I am a union member. I have health insurance provided by my employer. I fought for it at the bargaining table.
And it stinks.
I feel I need to say this because too often I hear politicians claim that the reason America shouldn’t have universal health care similar to national programs in other prosperous societies is that it would be unfair to union members who have bargained for better plans over the years.
So before this goes any further (I’m looking at you, Joe Biden, Pete Buttigieg, Amy Klobuchar, Michael Bloomberg), it’s just not true that “160 million people like their private insurance.”
I’ve got insurance and I’m not happy with it, and neither are most people I know.
We are glad we have insurance, as opposed to no insurance, but I don’t know anyone who likes dealing with high deductibles, cost-sharing, maximum out-of-pocket limits that reset every Jan. 1, or surprise bills from out-of-network doctors who you didn’t even know were treating you.
It’s bad enough to hear Democratic presidential contenders make this argument, but to hear union leaders egg them on is infuriating.
The latest comes from the Culinary Workers Union in Nevada, which is spending serious money attacking the idea of “Medicare for All,” as proposed by Bernie Sanders, the front-runner in the Democratic presidential primary campaign.
They are not saying that his health care proposal would be bad for the the working class or an inefficient way to manage what have been out-of-control costs that top $3 trillion a year.
No. They are against Medicare for All because it would replace the better-than-average health insurance benefits that their workers enjoy. In other words, they are making the same kind of argument that the “One Percenters” make against higher taxes – I’ve got mine, you get yours.
Unions should not play this game.
First, it’s a bad look: Union members make up less than 10 percent of the workforce, even less in the private sector. It’s hard for the other 90 percent of the workforce to forget our selfish attitude when there are national policy issues that affect only unions.
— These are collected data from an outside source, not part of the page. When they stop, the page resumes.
lemma regular_space_closure_shrinking_cover:
  assumes "regular_space X" and "\<forall>i\<in>I. openin X (U i)" and "S \<subseteq> (\<Union>i\<in>I. U i)"
  shows "S \<subseteq> \<Union>{G. openin X G \<and> (\<exists>i\<in>I. X closure_of G \<subseteq> U i)}"
proof
  fix x assume "x \<in> S"
  then obtain i where i: "i \<in> I" "x \<in> U i"
    using assms(3) by blast
  then have "closedin X (topspace X - U i)" "x \<in> topspace X - (topspace X - U i)"
    using assms(2) openin_subset by fastforce+
  then obtain G where "openin X G" "x \<in> G" "disjnt (topspace X - U i) (X closure_of G)"
    using assms(1) unfolding regular_space by blast
  then show "x \<in> \<Union>{G. openin X G \<and> (\<exists>i\<in>I. X closure_of G \<subseteq> U i)}"
    using i closure_of_subset_topspace[of X G] by (auto simp: disjnt_iff)
qed

lemma paracompact_space_locally_finite_refinement:
  assumes "paracompact_space X" and "\<forall>U\<in>\<U>. openin X U" and "topspace X \<subseteq> \<Union>\<U>"
  obtains \<V> where "\<forall>V\<in>\<V>. openin X V" "\<Union>\<V> = topspace X" "locally_finite_in X \<V>"
    "\<forall>V\<in>\<V>. \<exists>U\<in>\<U>. V \<subseteq> U"
proof -
  have "\<Union>\<U> = topspace X"
    using assms(2,3) openin_subset by blast
  from paracompact_space_def[THEN iffD1, OF assms(1), rule_format, OF conjI[OF assms(2) this]]
  show thesis
    by (elim exE conjE) (rule that; assumption)
qed

lemma paracompact_imp_regular_space:
  assumes P: "paracompact_space X" and H: "Hausdorff_space X"
  shows "regular_space X"
  unfolding regular_space_def
proof (intro allI impI)
  fix C a assume Ca: "closedin X C \<and> a \<in> topspace X - C"
  define \<U> where "\<U> = insert (topspace X - C) {Q. openin X Q \<and> a \<notin> X closure_of Q}"
  have "\<forall>U\<in>\<U>. openin X U"
    using Ca unfolding \<U>_def by auto
  moreover have "topspace X \<subseteq> \<Union>\<U>"
  proof
    fix c assume c: "c \<in> topspace X"
    show "c \<in> \<Union>\<U>"
    proof (cases "c \<in> C")
      case True
      then have "c \<noteq> a" "a \<in> topspace X"
        using Ca by auto
      then have "\<exists>Q P. openin X Q \<and> openin X P \<and> c \<in> Q \<and> a \<in> P \<and> disjnt Q P"
        using H c unfolding Hausdorff_space_def by simp
      then obtain Q P where QP: "openin X Q" "openin X P" "c \<in> Q" "a \<in> P" "disjnt Q P"
        by blast
      then have "P \<inter> X closure_of Q = {}"
        using openin_Int_closure_of_eq_empty[OF QP(2), of Q] by (simp add: disjnt_def Int_commute)
      then show ?thesis
        using QP unfolding \<U>_def by auto
    next
      case False
      then show ?thesis
        using c unfolding \<U>_def by auto
    qed
  qed
  ultimately obtain \<V> where V: "\<forall>V\<in>\<V>. openin X V" "\<Union>\<V> = topspace X"
    "locally_finite_in X \<V>" "\<forall>V\<in>\<V>. \<exists>U\<in>\<U>. V \<subseteq> U"
    by (rule paracompact_space_locally_finite_refinement[OF P])
  \<comment> \<open>the members of \<open>\<V>\<close> meeting \<open>C\<close> cover \<open>C\<close>, and by local finiteness their union has closure missing \<open>a\<close>\<close>
  define \<V>' where "\<V>' = {V\<in>\<V>. V \<inter> C \<noteq> {}}"
  define S where "S = \<Union>\<V>'"
  have "C \<subseteq> S"
  proof
    fix y assume "y \<in> C"
    moreover obtain V where "V \<in> \<V>" "y \<in> V"
      using V(2) Ca closedin_subset \<open>y \<in> C\<close> by blast
    ultimately show "y \<in> S"
      unfolding S_def \<V>'_def by blast
  qed
  have "openin X S"
    unfolding S_def by (rule openin_Union) (use V(1) in \<open>simp add: \<V>'_def\<close>)
  have "a \<notin> X closure_of V" if V': "V \<in> \<V>'" for V
  proof -
    obtain U where U: "U \<in> \<U>" "V \<subseteq> U"
      using V(4) V' unfolding \<V>'_def by blast
    then have "U \<noteq> topspace X - C"
      using V' unfolding \<V>'_def by blast
    then have "a \<notin> X closure_of U"
      using U(1) unfolding \<U>_def by simp
    then show ?thesis
      using closure_of_mono[OF U(2)] by blast
  qed
  moreover have "X closure_of S = \<Union> ((\<lambda>V. X closure_of V) ` \<V>')"
    unfolding S_def
    by (rule closure_of_locally_finite_Union, rule locally_finite_in_subset[OF V(3)])
      (simp add: \<V>'_def)
  ultimately have "a \<notin> X closure_of S"
    by blast
  show "\<exists>U V. openin X U \<and> openin X V \<and> a \<in> U \<and> C \<subseteq> V \<and> disjnt U V"
  proof (intro exI conjI)
    show "openin X (topspace X - X closure_of S)"
      by (simp add: openin_diff)
    show "a \<in> topspace X - X closure_of S"
      using Ca \<open>a \<notin> X closure_of S\<close> by blast
    show "disjnt (topspace X - X closure_of S) S"
      using closure_of_subset[OF openin_subset[OF \<open>openin X S\<close>]] by (auto simp: disjnt_def)
  qed fact+
qed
And it’s bad strategy: Prevailing low wages and poor benefits in the marketplace are a drag on union negotiators at contract time. Policies such as a higher minimum wage or universal health care raise the floor, giving negotiators more room to push for better conditions for their members.
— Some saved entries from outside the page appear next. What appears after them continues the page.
lemma dyck_dword_top_rows: "rook N R \<Longrightarrow> i \<le> N \<Longrightarrow> dyck (dword i (top_rows i R))"
proof (induction i)
  case 0
  then show ?case using dyck_up_down by (simp add: dword_0)
next
  case (Suc i)
  then obtain c where "(Suc i, c) \<in> R" using rook_row[of N R "Suc i"] by auto
  then show ?case using rook_dword_Suc[of N R i c] dyck_grow Suc by simp
qed

lemma covered_dword_top_rows:
  "rook N R \<Longrightarrow> Suc i \<le> N \<Longrightarrow> covered (dword i (top_rows i R)) (dword (Suc i) (top_rows (Suc i) R))"
  using rook_row[of N R "Suc i"] rook_dword_Suc[of N R i] covered_grow dyck_dword_top_rows[of N R i]
  by fastforce

lemma length_rook_chain [simp]: "length (rook_chain n R) = n"
  by (simp add: rook_chain_def)

lemma nth_rook_chain: "i < n \<Longrightarrow> rook_chain n R ! i = dword i (top_rows i R)"
  by (simp add: rook_chain_def)

lemma dyck_chain_rook_chain: "rook N R \<Longrightarrow> dyck_chain (Suc N) (rook_chain (Suc N) R)"
  unfolding dyck_chain_def
  by (simp add: nth_rook_chain dyck_dword_top_rows covered_dword_top_rows)

lemma rook_subset_if_same_dwords:
  assumes R: "rook N R" and S: "rook N S"
    and eq: "\<And>i. i \<le> N \<Longrightarrow> dword i (top_rows i R) = dword i (top_rows i S)"
  shows "R \<subseteq> S"
proof
  fix p assume "p \<in> R"
  moreover obtain k c where "p = (k, c)" by (cases p)
  ultimately have "1 \<le> k" "k \<le> N" using rook_cell[OF R] by auto
  then obtain i where "k = Suc i" by (cases k) auto
  with \<open>p \<in> R\<close> \<open>p = (k, c)\<close> \<open>k \<le> N\<close>
  have p: "p = (Suc i, c)" "(Suc i, c) \<in> R" "Suc i \<le> N" by auto
  then obtain c' where c': "(Suc i, c') \<in> S" using rook_row[OF S, of "Suc i"] by auto
  have "c = c'"
  proof (rule list_update_True_inj)
    show "c < length (dword i (top_rows i R) @ [False, False])" "\<not> (dword i (top_rows i R) @ [False, False]) ! c"
      using rook_dword_Suc[OF R p(3,2)] by auto
    show "grow (dword i (top_rows i R)) c = grow (dword i (top_rows i R)) c'"
      using rook_dword_Suc(4)[OF R p(3,2)] rook_dword_Suc(4)[OF S p(3) c'] eq[of i] eq[of "Suc i"] p(3)
      by simp
  qed
  then show "p \<in> S" using p c' by simp
qed

lemma inj_on_rook_chain: "inj_on (rook_chain (Suc N)) {R. rook N R}"
proof (rule inj_onI)
  fix R S assume R: "R \<in> {R. rook N R}" and S: "S \<in> {R. rook N R}"
    and eq: "rook_chain (Suc N) R = rook_chain (Suc N) S"
  have "dword i (top_rows i R) = dword i (top_rows i S)" if "i \<le> N" for i
    using nth_rook_chain[of i "Suc N" R] nth_rook_chain[of i "Suc N" S] eq that by simp
  then show "R = S"
    using rook_subset_if_same_dwords[of N R S] rook_subset_if_same_dwords[of N S R] R S by auto
qed

lemma dword_top_rows_graph:
  fixes col :: "nat \<Rightarrow> nat" and N :: nat
  defines "R \<equiv> {(Suc i, col i) | i. i < N}"
  assumes col: "\<And>i. i < N \<Longrightarrow> 1 \<le> col i \<and> col i \<le> 2 * Suc i" and "i < N"
  shows "dword (Suc i) (top_rows (Suc i) R) = grow (dword i (top_rows i R)) (col i)"
proof (rule dword_top_rows_Suc)
  show "c \<le> 2 * k" if "(k, c) \<in> R" for k c using that col unfolding R_def by fastforce
qed (use assms in auto)

lemma rook_graph:
  fixes col :: "nat \<Rightarrow> nat" and N :: nat
  defines "R \<equiv> {(Suc i, col i) | i. i < N}"
  assumes col: "\<And>i. i < N \<Longrightarrow> 1 \<le> col i \<and> col i \<le> 2 * Suc i"
    and fresh: "\<And>i. i < N \<Longrightarrow> \<not> (dword i (top_rows i R) @ [False, False]) ! col i"
  shows "rook N R"
  unfolding rook_def
proof (intro conjI ballI allI impI)
  show "R \<subseteq> cells N" using col unfolding R_def cells_def by auto
  show "\<exists>!c. (k, c) \<in> R" if "k \<in> {1..N}" for k
    using that unfolding R_def by (cases k) auto
  have "col a \<noteq> col b" if "a < b" "b < N" for a b
  proof
    assume "col a = col b"
    have "(Suc a, col a) \<in> top_rows b R" "col a \<le> 2 * b"
      using col[of a] that unfolding R_def by auto
    then have "(dword b (top_rows b R) @ [False, False]) ! col b"
      using nth_padded_dword[of "col a" b "top_rows b R"] \<open>col a = col b\<close> by auto
    then show False using fresh[of b] that by simp
  qed
  then show "k = k'" if "(k, c) \<in> R" "(k', c) \<in> R" for k k' c
    using that unfolding R_def by (auto, metis linorder_neqE_nat)
qed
Most importantly, unionized workers should not let themselves be used as a tool to benefit “Big Pharma,” insurance company stockholders and million-dollar-a-year hospital administrators who are benefiting from the system as it is.
Employer-provided insurance is an accident of history. It was the only recruitment tool available to manufacturers during the labor shortages of World War II, when wages were frozen by law.
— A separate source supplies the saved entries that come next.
lemma eps_identity:
  assumes "g \<in> carrier G"
  shows "is_identity_of (\<epsilon> g) (ring_prodset (S g) (S (inv g)))"
proof -
  obtain e where e: "is_identity_of e (ring_prodset (S g) (S (inv g)))"
    using epsilon_strong assms unfolding epsilon_strong_def by blast
  then show ?thesis using eps_eqI[OF e] by simp
qed

lemma eps_mem: "g \<in> carrier G \<Longrightarrow> \<epsilon> g \<in> ring_prodset (S g) (S (inv g))"
  using eps_identity unfolding is_identity_of_def by blast

lemma eps_mem_component_one:
  assumes g: "g \<in> carrier G"
  shows "\<epsilon> g \<in> S \<one>"
proof -
  have "ring_prodset (S g) (S (inv g)) \<subseteq> S \<one>"
    using component_mult[OF g inv_closed[OF g]] g
    by (intro ring_prodset_subset add_subgroup_component) simp_all
  then show ?thesis using eps_mem[OF g] by blast
qed

lemma eps_commute_component_one:
  assumes g: "g \<in> carrier G" and s: "s \<in> S \<one>"
  shows "s * \<epsilon> g = \<epsilon> g * s"
proof -
  let ?R = "ring_prodset (S g) (S (inv g))"
  have left: "s * \<epsilon> g \<in> ?R"
    using eps_mem[OF g]
  proof (induction rule: ring_prodset_induct)
    case (mult a b)
    have "s * a \<in> S g" using component_mult[OF one_closed g s mult(1)] g by simp
    then show ?case using mult_mem_ring_prodset[OF _ mult(2)] by (metis mult.assoc)
  qed (simp_all add: zero_mem_ring_prodset add_mem_ring_prodset distrib_left)
  have right: "\<epsilon> g * s \<in> ?R"
    using eps_mem[OF g]
  proof (induction rule: ring_prodset_induct)
    case (mult a b)
    have "b * s \<in> S (inv g)" using component_mult[OF inv_closed[OF g] one_closed mult(2) s] g by simp
    then show ?case using mult_mem_ring_prodset[OF mult(1)] by (simp add: mult.assoc)
  qed (simp_all add: zero_mem_ring_prodset add_mem_ring_prodset distrib_right)
  have "s * \<epsilon> g = \<epsilon> g * (s * \<epsilon> g)"
    using eps_identity[OF g] left by (simp add: is_identity_of_def)
  also have "\<dots> = (\<epsilon> g * s) * \<epsilon> g"
    by (simp add: mult.assoc)
  also have "\<dots> = \<epsilon> g * s"
    using eps_identity[OF g] right by (simp add: is_identity_of_def)
  finally show ?thesis .
qed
In the decades since then, health care costs have climbed faster than wages or inflation, gobbling up a bigger chunk of the national economy.
The average annual premium for a family plan is $20,576 a year. The average annual deductible is $1,600. Roughly a quarter of family policy holders have an out-of-pocket maximum of $6,000 or more.
These costs vary widely based on factors that have nothing to do with people’s health care needs. The biggest variable in how much you have to pay is the number of employees in the plan, which why public-sector employee plans tend to be more generous. People in small companies and the self-employed pay the most for the worst coverage.
At those prices, there can’t be 160 million people who are happy with their employer-provided insurance.
What would union leaders do in the unlikely event that our health care system were replaced with a universal system that took health benefits out of the employer-employee relationship?
They could bargain for something else – more money, more time off, better food in the cafeteria.
Anything would be better than using their political clout to deny affordable health care to fellow workers.